Edit: it's not that I don't like the story, which I do. It's that we already discussed it here when it came out in 2009.


Old, but more relevant than your comment. This was not deserving of a down-vote and in fact, I'm glad someone posted this old article, because I have been bookmarking studies and observations on this topic lately for research I am doing.

EDIT: Sorry, that first line was an unnecessary jab. Based on your Karma and interaction, you add a lot of value to the community, so please continue to support that value, not filter it.


FYI, exactly 1 year ago: http://news.ycombinator.com/item?id=580060

Same time.com story, 220 days ago: http://news.ycombinator.com/item?id=828538

Original article, 407 days ago: http://news.ycombinator.com/item?id=516678

It is an interesting issue, and an interesting policy result, and one we should consider adopting here. I am wholeheartedly in favor of reducing government interference in people's personal lives, and I can even consider it hack-worthy insofar as it involves tinkering with legal rather than computer code.

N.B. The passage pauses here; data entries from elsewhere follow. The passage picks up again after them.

(* Let $\Gamma$ be finite. For every directed edge $\epsilon\in\vec E$, as operators on $\mathcal H$, $$[\ell(\epsilon),JX_\epsilon J]=-\frac{1}{\sqrt[4]{\mu(s(\epsilon))^3\mu(t(\epsilon))}}\,|s(\epsilon)\rangle\langle t(\epsilon)|,$$ and $[\ell(\epsilon),JX_{\epsilon'}J]=0$ whenever $\epsilon'\in\vec E$, $\epsilon'\neq\epsilon$.
   Context: $\Gamma$ is a finite connected undirected graph (loops, multiple edges allowed), vertex set $V$, weighting $\mu:V\to(0,\infty)$. Directed version $\vec\Gamma$: each edge with distinct endpoints $\alpha\ne\beta$ yields $\epsilon,\epsilon^{op}$ with $s(\epsilon)=t(\epsilon^{op})=\alpha$, $t(\epsilon)=s(\epsilon^{op})=\beta$; each loop yields one directed loop $\epsilon=\epsilon^{op}$. $\mathcal C=C_0(V)$, $p_\alpha$ indicator of $\alpha$; $\mathcal X$ the Hilbert $\mathcal C$-$\mathcal C$ bimodule spanned by directed edges with $p_\alpha\epsilon=\delta_{s(\epsilon),\alpha}\epsilon$, $\epsilon p_\alpha=\delta_{t(\epsilon),\alpha}\epsilon$, $\langle\epsilon'|\epsilon\rangle=\delta_{\epsilon,\epsilon'}p_{t(\epsilon)}$; $\mathcal F(\mathcal X)$ its full Fock space with creation operators $\ell(\xi)$. For a loop $e$: $X_e=\ell(\epsilon)+\ell(\epsilon)^*$; for $e$ with endpoints $\alpha\ne\beta$: $a_\epsilon=(\mu(\alpha)/\mu(\beta))^{1/4}$, $X_e=a_\epsilon\ell(\epsilon)+a_\epsilon^{-1}\ell(\epsilon^{op})^*+a_\epsilon^{-1}\ell(\epsilon^{op})+a_\epsilon\ell(\epsilon)^*$; $X_\epsilon=p_{s(\epsilon)}X_ep_{t(\epsilon)}$. $\mathcal S(\Gamma,\mu)$ is the C$^*$-algebra generated by $\mathcal C$ and the $X_e$; $\mathrm{Tr}=\mathrm{tr}\circ E$ with $E(x)=PxP$, $\mathrm{tr}(p_v)=\mu(v)$. $\mathcal H=L^2(\mathcal S(\Gamma,\mu),\mathrm{Tr})\cong\mathcal F(\mathcal X)\otimes_{\mathcal C}\ell^2(V,\mu)$, with inner product linear in the right variable. $\mathcal H$ has an orthogonal spanning set consisting of the vertices $\gamma\in V$ (the vectors $\widehat{p_\gamma}$, paths of length 0) and the paths $\epsilon_1\cdots\epsilon_n$ in $\vec\Gamma$ ($t(\epsilon_k)=s(\epsilon_{k+1})$), with $\|\gamma\|=\sqrt{\mu(\gamma)}$, $\|\epsilon_1\cdots\epsilon_n\|=\sqrt{\mu(t(\epsilon_n))}$. The operator $\ell(\epsilon)$ acts by $\ell(\epsilon)\gamma=\delta_{t(\epsilon),\gamma}\epsilon$ and $\ell(\epsilon)(\epsilon_1\cdots\epsilon_n)=\epsilon\epsilon_1\cdots\epsilon_n$ if $t(\epsilon)=s(\epsilon_1)$ and $0$ otherwise; $\mathcal S(\Gamma,\mu)$ acts on $\mathcal H$ by left multiplication. $J$ is the modular conjugation, the antilinear isometry extending $\hat x\mapsto\widehat{x^*}$; concretely $J\gamma=\gamma$ and $J(\epsilon_1\cdots\epsilon_n)=\sqrt{\mu(t(\epsilon_n))/\mu(s(\epsilon_1))}\,\epsilon_n^{op}\cdots\epsilon_1^{op}$. For $\xi,\eta\in\mathcal H$, $|\xi\rangle\langle\eta|$ is the rank-one operator $\zeta\mapsto\xi\langle\eta|\zeta\rangle_{\mathcal H}$; vertices $s(\epsilon),t(\epsilon)$ are regarded as vectors in $\mathcal H$. *)

theory Defs
  imports Complex_Main
begin

text \<open>
  Concrete model of the Hilbert space H = L^2(S(Gamma,mu),Tr) via its orthogonal spanning set:
  vertices (V gamma) and paths (P [e1,...,en]) in the directed graph.
  Vectors are finitely supported coefficient functions with respect to this orthogonal
  spanning set (this is the dense span; all operators involved are bounded).
\<close>

datatype ('v,'e) hb = V 'v | P "'e list"

definition is_dpath :: "('e \<Rightarrow> 'v) \<Rightarrow> ('e \<Rightarrow> 'v) \<Rightarrow> 'e list \<Rightarrow> bool" where
  "is_dpath s t es \<longleftrightarrow> es \<noteq> [] \<and> (\<forall>k. Suc k < length es \<longrightarrow> t (es ! k) = s (es ! Suc k))"

fun hb_ok :: "('e \<Rightarrow> 'v) \<Rightarrow> ('e \<Rightarrow> 'v) \<Rightarrow> ('v,'e) hb \<Rightarrow> bool" where
  "hb_ok s t (V v) = True"
| "hb_ok s t (P es) = is_dpath s t es"

type_synonym ('v,'e) vec = "('v,'e) hb \<Rightarrow> complex"
type_synonym ('v,'e) op = "('v,'e) vec \<Rightarrow> ('v,'e) vec"

definition in_H :: "('e \<Rightarrow> 'v) \<Rightarrow> ('e \<Rightarrow> 'v) \<Rightarrow> ('v,'e) vec \<Rightarrow> bool" where
  "in_H s t x \<longleftrightarrow> finite {b. x b \<noteq> 0} \<and> (\<forall>b. x b \<noteq> 0 \<longrightarrow> hb_ok s t b)"

text \<open>Squared norms of the spanning vectors.\<close>
fun wt :: "('v \<Rightarrow> real) \<Rightarrow> ('e \<Rightarrow> 'v) \<Rightarrow> ('v,'e) hb \<Rightarrow> real" where
  "wt mu t (V v) = mu v"
| "wt mu t (P es) = mu (t (last es))"

definition hinner :: "('v \<Rightarrow> real) \<Rightarrow> ('e \<Rightarrow> 'v) \<Rightarrow> ('v,'e) vec \<Rightarrow> ('v,'e) vec \<Rightarrow> complex" where
  "hinner mu t x y = (\<Sum>b\<in>{b. x b \<noteq> 0}. cnj (x b) * y b * complex_of_real (wt mu t b))"

definition bv :: "('v,'e) hb \<Rightarrow> ('v,'e) vec" where
  "bv b = (\<lambda>c. if c = b then 1 else 0)"

definition lin_ext :: "(('v,'e) hb \<Rightarrow> ('v,'e) vec) \<Rightarrow> ('v,'e) op" where
  "lin_ext f x = (\<lambda>c. \<Sum>b\<in>{b. x b \<noteq> 0}. x b * f b c)"

definition alin_ext :: "(('v,'e) hb \<Rightarrow> ('v,'e) vec) \<Rightarrow> ('v,'e) op" where
  "alin_ext f x = (\<lambda>c. \<Sum>b\<in>{b. x b \<noteq> 0}. cnj (x b) * f b c)"

fun ell_b :: "('e \<Rightarrow> 'v) \<Rightarrow> ('e \<Rightarrow> 'v) \<Rightarrow> 'e \<Rightarrow> ('v,'e) hb \<Rightarrow> ('v,'e) vec" where
  "ell_b s t e (V g) = (if t e = g then bv (P [e]) else (\<lambda>_. 0))"
| "ell_b s t e (P es) = (if es \<noteq> [] \<and> t e = s (hd es) then bv (P (e # es)) else (\<lambda>_. 0))"

definition ell :: "('e \<Rightarrow> 'v) \<Rightarrow> ('e \<Rightarrow> 'v) \<Rightarrow> 'e \<Rightarrow> ('v,'e) op" where
  "ell s t e = lin_ext (ell_b s t e)"

fun ellstar_b :: "('e \<Rightarrow> 'v) \<Rightarrow> 'e \<Rightarrow> ('v,'e) hb \<Rightarrow> ('v,'e) vec" where
  "ellstar_b t e (V g) = (\<lambda>_. 0)"
| "ellstar_b t e (P es) = (if es \<noteq> [] \<and> hd es = e then
      (if tl es = [] then bv (V (t e)) else bv (P (tl es))) else (\<lambda>_. 0))"

definition ellstar :: "('e \<Rightarrow> 'v) \<Rightarrow> 'e \<Rightarrow> ('v,'e) op" where
  "ellstar t e = lin_ext (ellstar_b t e)"

fun proj_b :: "('e \<Rightarrow> 'v) \<Rightarrow> 'v \<Rightarrow> ('v,'e) hb \<Rightarrow> ('v,'e) vec" where
  "proj_b s a (V g) = (if g = a then bv (V g) else (\<lambda>_. 0))"
| "proj_b s a (P es) = (if es \<noteq> [] \<and> s (hd es) = a then bv (P es) else (\<lambda>_. 0))"

definition proj :: "('e \<Rightarrow> 'v) \<Rightarrow> 'v \<Rightarrow> ('v,'e) op" where
  "proj s a = lin_ext (proj_b s a)"

fun J_b :: "('v \<Rightarrow> real) \<Rightarrow> ('e \<Rightarrow> 'v) \<Rightarrow> ('e \<Rightarrow> 'v) \<Rightarrow> ('e \<Rightarrow> 'e) \<Rightarrow> ('v,'e) hb \<Rightarrow> ('v,'e) vec" where
  "J_b mu s t opp (V g) = bv (V g)"
| "J_b mu s t opp (P es) =
     (\<lambda>c. complex_of_real (sqrt (mu (t (last es)) / mu (s (hd es)))) * bv (P (rev (map opp es))) c)"

definition Jop :: "('v \<Rightarrow> real) \<Rightarrow> ('e \<Rightarrow> 'v) \<Rightarrow> ('e \<Rightarrow> 'v) \<Rightarrow> ('e \<Rightarrow> 'e) \<Rightarrow> ('v,'e) op" where
  "Jop mu s t opp = alin_ext (J_b mu s t opp)"

definition a_coef :: "('v \<Rightarrow> real) \<Rightarrow> ('e \<Rightarrow> 'v) \<Rightarrow> ('e \<Rightarrow> 'v) \<Rightarrow> 'e \<Rightarrow> real" where
  "a_coef mu s t e = (mu (s e) / mu (t e)) powr (1/4)"

definition X_und :: "('v \<Rightarrow> real) \<Rightarrow> ('e \<Rightarrow> 'v) \<Rightarrow> ('e \<Rightarrow> 'v) \<Rightarrow> ('e \<Rightarrow> 'e) \<Rightarrow> 'e \<Rightarrow> ('v,'e) op" where
  "X_und mu s t opp e x =
     (if s e = t e then (\<lambda>c. ell s t e x c + ellstar t e x c)
      else (let a = complex_of_real (a_coef mu s t e) in
        (\<lambda>c. a * ell s t e x c + inverse a * ellstar t (opp e) x c
             + inverse a * ell s t (opp e) x c + a * ellstar t e x c)))"

definition X_dir :: "('v \<Rightarrow> real) \<Rightarrow> ('e \<Rightarrow> 'v) \<Rightarrow> ('e \<Rightarrow> 'v) \<Rightarrow> ('e \<Rightarrow> 'e) \<Rightarrow> 'e \<Rightarrow> ('v,'e) op" where
  "X_dir mu s t opp e = proj s (s e) \<circ> X_und mu s t opp e \<circ> proj s (t e)"

definition commutator :: "('v,'e) op \<Rightarrow> ('v,'e) op \<Rightarrow> ('v,'e) op" where
  "commutator A B x = (\<lambda>c. A (B x) c - B (A x) c)"

definition rank_one :: "('v \<Rightarrow> real) \<Rightarrow> ('e \<Rightarrow> 'v) \<Rightarrow> ('v,'e) vec \<Rightarrow> ('v,'e) vec \<Rightarrow> ('v,'e) op" where
  "rank_one mu t xi eta z = (\<lambda>c. xi c * hinner mu t eta z)"

end

theory Submission
  imports Defs
begin

text \<open>
  Conjugation by J turns left creation and annihilation operators into right ones:
  J \<ell>(e) J appends the edge opp e at the end of a path and J \<ell>(opp e)* J deletes a final e,
  both with the factor (\<mu>(t e) / \<mu>(s e))^(1/2). On H, X_e reduces to a \<ell>(e) + a^-1 \<ell>(opp e)*,
  so J X_e' J is a combination of a right creation and a right annihilation operator.
  Left and right creation commute, and left creation \<ell>(e) commutes with the right annihilation
  of e' except on the vertex t e when e' = e: \<ell>(e) maps it to the path e, which right
  annihilation sends to the vertex s e, whereas right annihilation kills vertices.
  Finally a^-1 (\<mu>(t e) / \<mu>(s e))^(1/2) = \<mu>(t e) (\<mu>(s e)^3 \<mu>(t e))^(-1/4), where \<mu>(t e) is the
  squared norm of the vertex t e in the rank-one operator.
\<close>

definition supp :: "('v,'e) vec \<Rightarrow> ('v,'e) hb set" where
  "supp x = {b. x b \<noteq> 0}"

lemma supp_bv [simp]: "supp (bv b) = {b}"
  by (auto simp: supp_def bv_def)

lemma supp_zero [simp]: "supp (\<lambda>_. 0) = {}"
  by (simp add: supp_def)

lemma finite_supp_image:
  assumes "finite (supp x)" "\<And>c. y c \<noteq> 0 \<Longrightarrow> \<exists>b. x b \<noteq> 0 \<and> c = g b"
  shows "finite (supp y)"
proof (rule finite_subset)
  show "supp y \<subseteq> g ` supp x" using assms(2) by (auto simp: supp_def)
qed (use assms(1) in blast)

lemma finite_supp_add:
  "finite (supp u) \<Longrightarrow> finite (supp v) \<Longrightarrow> finite (supp (\<lambda>c. u c + v c))"
  by (rule finite_subset[of _ "supp u \<union> supp v"]) (auto simp: supp_def)

lemma finite_supp_scale: "finite (supp u) \<Longrightarrow> finite (supp (\<lambda>c. a * u c))"
  by (rule finite_subset[of _ "supp u"]) (auto simp: supp_def)

lemma lin_ext_single_term:
  assumes "finite (supp x)" "\<And>b. f b c \<noteq> 0 \<Longrightarrow> b = b\<^sub>0"
  shows "lin_ext f x c = x b\<^sub>0 * f b\<^sub>0 c"
proof -
  have "lin_ext f x c = (\<Sum>b\<in>supp x. if b = b\<^sub>0 then x b\<^sub>0 * f b\<^sub>0 c else 0)"
    unfolding lin_ext_def supp_def by (rule sum.cong) (auto dest: assms(2))
  then show ?thesis using assms(1) by (auto simp: supp_def)
qed

lemma alin_ext_single_term:
  assumes "finite (supp x)" "\<And>b. f b c \<noteq> 0 \<Longrightarrow> b = b\<^sub>0"
  shows "alin_ext f x c = cnj (x b\<^sub>0) * f b\<^sub>0 c"
proof -
  have "alin_ext f x c = (\<Sum>b\<in>supp x. if b = b\<^sub>0 then cnj (x b\<^sub>0) * f b\<^sub>0 c else 0)"
    unfolding alin_ext_def supp_def by (rule sum.cong) (auto dest: assms(2))
  then show ?thesis using assms(1) by (auto simp: supp_def)
qed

But this particular story is no longer news. Not included are about 10 other HN threads referencing the same article, which you can find by going to google and searching for 'site:news.ycombinator.com drugs portugal'. This gets posted in some fashion every 90 days or so.


Perhaps HN should have a freshness date on all news.


I upvoted the comment. This is a "news" site, not a "recycled story" site. There's enough new stuff coming through the firehose that we don't need to start reposting the Internet from a year ago.


Just because something is old doesn't mean it isn't relevant or interesting.


Just because it was relevant and interesting a year ago - or ten years ago - doesn't mean you should be posting and reposting and reposting it on a "news" site. Maybe there should be a golden oldies site where people can post all the "but gee it's new to me" stuff.


old.ycombinator.com?

;)


olds.ycombinator.com ;)


I actually found it pretty interesting.